## Brief
Reply with every entry, repeated exactly as given.

## Entries provided
text \<open>\<open>poly_op s P p\<close> is the operator \<open>p(P)\<close>, computed by Horner's rule.\<close>

definition poly_op :: "('k::field \<Rightarrow> 'm::ab_group_add \<Rightarrow> 'm) \<Rightarrow> ('m \<Rightarrow> 'm) \<Rightarrow> 'k poly \<Rightarrow> 'm \<Rightarrow> 'm"
  where "poly_op s P p = fold_coeffs (\<lambda>a f x. s a x + P (f x)) p (\<lambda>x. 0)"

locale linear_endomorphism = Vector_Spaces.linear scale scale P
  for scale :: "'k::field \<Rightarrow> 'm::ab_group_add \<Rightarrow> 'm" and P :: "'m \<Rightarrow> 'm"
begin

lemma poly_op_0 [simp]: "poly_op scale P 0 = (\<lambda>x. 0)"
  by (simp add: poly_op_def)

lemma poly_op_pCons: "poly_op scale P (pCons a p) = (\<lambda>x. scale a x + P (poly_op scale P p x))"
  by (cases "a = 0 \<and> p = 0") (auto simp: poly_op_def)

lemma poly_op_at_0 [simp]: "poly_op scale P p 0 = 0"
  by (induction p) (simp_all add: poly_op_pCons)

lemma poly_op_add: "poly_op scale P (p + q) = (\<lambda>x. poly_op scale P p x + poly_op scale P q x)"
  by (induction p q rule: poly_induct2)
    (simp_all add: poly_op_pCons add vs1.scale_left_distrib algebra_simps)

lemma poly_op_smult: "poly_op scale P (smult c p) = (\<lambda>x. scale c (poly_op scale P p x))"
  by (induction p) (simp_all add: poly_op_pCons scale vs1.scale_right_distrib)

lemma poly_op_mult: "poly_op scale P (p * q) = poly_op scale P p \<circ> poly_op scale P q"
  by (induction p) (simp_all add: poly_op_pCons poly_op_add poly_op_smult comp_def)

lemma poly_op_1: "poly_op scale P 1 = id"
  by (simp add: one_pCons poly_op_pCons id_def)

lemma poly_op_X: "poly_op scale P [:0, 1:] = P"
  by (simp add: poly_op_pCons)

lemma poly_op_diff: "poly_op scale P (p - q) = (\<lambda>x. poly_op scale P p x - poly_op scale P q x)"
  using poly_op_add[of p "- q"] poly_op_smult[of "- 1" q] by simp

lemma poly_op_power: "poly_op scale P (p ^ k) = poly_op scale P p ^^ k"
  by (induction k) (simp_all add: poly_op_1 poly_op_mult)

lemma poly_op_sum: "poly_op scale P (\<Sum>i\<in>A. f i) = (\<lambda>x. \<Sum>i\<in>A. poly_op scale P (f i) x)"
  by (induction A rule: infinite_finite_induct) (simp_all add: poly_op_add)

text \<open>Each \<open>(\<zeta> X + 1 - X)\<^sup>n - 1\<close> annihilates \<open>P\<close>, and averaging these polynomials against
  \<open>\<zeta>\<^sup>j\<close> over the roots of unity isolates the binomial term \<open>X\<^sup>n\<^sup>-\<^sup>j (1 - X)\<^sup>j\<close>, whose
  coefficient \<open>n \<cdot> (n choose j)\<close> is invertible for \<open>j = 1\<close> and \<open>j = n - 1\<close>.\<close>

lemma poly_op_binomial_term_eq_0:
  assumes card: "card {z::'k. z ^ n = 1} = n" and "n \<ge> 2" and "j = 1 \<or> j = n - 1"
    and unipotent: "\<And>\<zeta>. \<zeta> ^ n = 1 \<Longrightarrow> (\<lambda>x. x + scale (\<zeta> - 1) (P x)) ^^ n = id"
  shows "poly_op scale P ([:0, 1:] ^ (n - j) * (1 - [:0, 1:]) ^ j) x = 0"
proof -
  let ?X = "[:0, 1::'k:]"
  let ?Y = "1 - ?X"
  let ?ev = "poly_op scale P"
  have annihilates: "?ev ((smult \<zeta> ?X + ?Y) ^ n - 1) = (\<lambda>x. 0)" if "\<zeta> ^ n = 1" for \<zeta>
  proof -
    have "?ev (smult \<zeta> ?X + ?Y) = (\<lambda>x. x + scale (\<zeta> - 1) (P x))"
      by (simp only: poly_op_add poly_op_smult poly_op_diff poly_op_1 poly_op_X)
        (simp add: vs1.scale_left_diff_distrib algebra_simps)
    then show ?thesis
      using unipotent[OF that] by (simp add: poly_op_diff poly_op_power poly_op_1)
  qed
  have j: "0 < j" "j < n" "n choose j = n"
    using assms(2,3) binomial_symmetric[of 1 n] by (auto simp: choose_one)
  have "scale (of_nat (n * (n choose j))) (?ev (?X ^ (n - j) * ?Y ^ j) x)
      = ?ev (\<Sum>\<zeta> | \<zeta> ^ n = 1. smult (\<zeta> ^ j) ((smult \<zeta> ?X + ?Y) ^ n - 1)) x"
    by (simp only: sum_roots_of_unity_binomial[OF card j(1,2)] poly_op_smult)
  also have "\<dots> = 0"
    by (simp add: poly_op_sum poly_op_smult annihilates del: smult_pCons)
  finally show ?thesis
    using of_nat_neq_0_if_card_roots_of_unity[OF card] j by simp
qed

## Solution to this task
text \<open>\<open>poly_op s P p\<close> is the operator \<open>p(P)\<close>, computed by Horner's rule.\<close>

definition poly_op :: "('k::field \<Rightarrow> 'm::ab_group_add \<Rightarrow> 'm) \<Rightarrow> ('m \<Rightarrow> 'm) \<Rightarrow> 'k poly \<Rightarrow> 'm \<Rightarrow> 'm"
  where "poly_op s P p = fold_coeffs (\<lambda>a f x. s a x + P (f x)) p (\<lambda>x. 0)"

locale linear_endomorphism = Vector_Spaces.linear scale scale P
  for scale :: "'k::field \<Rightarrow> 'm::ab_group_add \<Rightarrow> 'm" and P :: "'m \<Rightarrow> 'm"
begin

lemma poly_op_0 [simp]: "poly_op scale P 0 = (\<lambda>x. 0)"
  by (simp add: poly_op_def)

lemma poly_op_pCons: "poly_op scale P (pCons a p) = (\<lambda>x. scale a x + P (poly_op scale P p x))"
  by (cases "a = 0 \<and> p = 0") (auto simp: poly_op_def)

lemma poly_op_at_0 [simp]: "poly_op scale P p 0 = 0"
  by (induction p) (simp_all add: poly_op_pCons)

lemma poly_op_add: "poly_op scale P (p + q) = (\<lambda>x. poly_op scale P p x + poly_op scale P q x)"
  by (induction p q rule: poly_induct2)
    (simp_all add: poly_op_pCons add vs1.scale_left_distrib algebra_simps)

lemma poly_op_smult: "poly_op scale P (smult c p) = (\<lambda>x. scale c (poly_op scale P p x))"
  by (induction p) (simp_all add: poly_op_pCons scale vs1.scale_right_distrib)

lemma poly_op_mult: "poly_op scale P (p * q) = poly_op scale P p \<circ> poly_op scale P q"
  by (induction p) (simp_all add: poly_op_pCons poly_op_add poly_op_smult comp_def)

lemma poly_op_1: "poly_op scale P 1 = id"
  by (simp add: one_pCons poly_op_pCons id_def)

lemma poly_op_X: "poly_op scale P [:0, 1:] = P"
  by (simp add: poly_op_pCons)

lemma poly_op_diff: "poly_op scale P (p - q) = (\<lambda>x. poly_op scale P p x - poly_op scale P q x)"
  using poly_op_add[of p "- q"] poly_op_smult[of "- 1" q] by simp

lemma poly_op_power: "poly_op scale P (p ^ k) = poly_op scale P p ^^ k"
  by (induction k) (simp_all add: poly_op_1 poly_op_mult)

lemma poly_op_sum: "poly_op scale P (\<Sum>i\<in>A. f i) = (\<lambda>x. \<Sum>i\<in>A. poly_op scale P (f i) x)"
  by (induction A rule: infinite_finite_induct) (simp_all add: poly_op_add)

text \<open>Each \<open>(\<zeta> X + 1 - X)\<^sup>n - 1\<close> annihilates \<open>P\<close>, and averaging these polynomials against
  \<open>\<zeta>\<^sup>j\<close> over the roots of unity isolates the binomial term \<open>X\<^sup>n\<^sup>-\<^sup>j (1 - X)\<^sup>j\<close>, whose
  coefficient \<open>n \<cdot> (n choose j)\<close> is invertible for \<open>j = 1\<close> and \<open>j = n - 1\<close>.\<close>

lemma poly_op_binomial_term_eq_0:
  assumes card: "card {z::'k. z ^ n = 1} = n" and "n \<ge> 2" and "j = 1 \<or> j = n - 1"
    and unipotent: "\<And>\<zeta>. \<zeta> ^ n = 1 \<Longrightarrow> (\<lambda>x. x + scale (\<zeta> - 1) (P x)) ^^ n = id"
  shows "poly_op scale P ([:0, 1:] ^ (n - j) * (1 - [:0, 1:]) ^ j) x = 0"
proof -
  let ?X = "[:0, 1::'k:]"
  let ?Y = "1 - ?X"
  let ?ev = "poly_op scale P"
  have annihilates: "?ev ((smult \<zeta> ?X + ?Y) ^ n - 1) = (\<lambda>x. 0)" if "\<zeta> ^ n = 1" for \<zeta>
  proof -
    have "?ev (smult \<zeta> ?X + ?Y) = (\<lambda>x. x + scale (\<zeta> - 1) (P x))"
      by (simp only: poly_op_add poly_op_smult poly_op_diff poly_op_1 poly_op_X)
        (simp add: vs1.scale_left_diff_distrib algebra_simps)
    then show ?thesis
      using unipotent[OF that] by (simp add: poly_op_diff poly_op_power poly_op_1)
  qed
  have j: "0 < j" "j < n" "n choose j = n"
    using assms(2,3) binomial_symmetric[of 1 n] by (auto simp: choose_one)
  have "scale (of_nat (n * (n choose j))) (?ev (?X ^ (n - j) * ?Y ^ j) x)
      = ?ev (\<Sum>\<zeta> | \<zeta> ^ n = 1. smult (\<zeta> ^ j) ((smult \<zeta> ?X + ?Y) ^ n - 1)) x"
    by (simp only: sum_roots_of_unity_binomial[OF card j(1,2)] poly_op_smult)
  also have "\<dots> = 0"
    by (simp add: poly_op_sum poly_op_smult annihilates del: smult_pCons)
  finally show ?thesis
    using of_nat_neq_0_if_card_roots_of_unity[OF card] j by simp
qed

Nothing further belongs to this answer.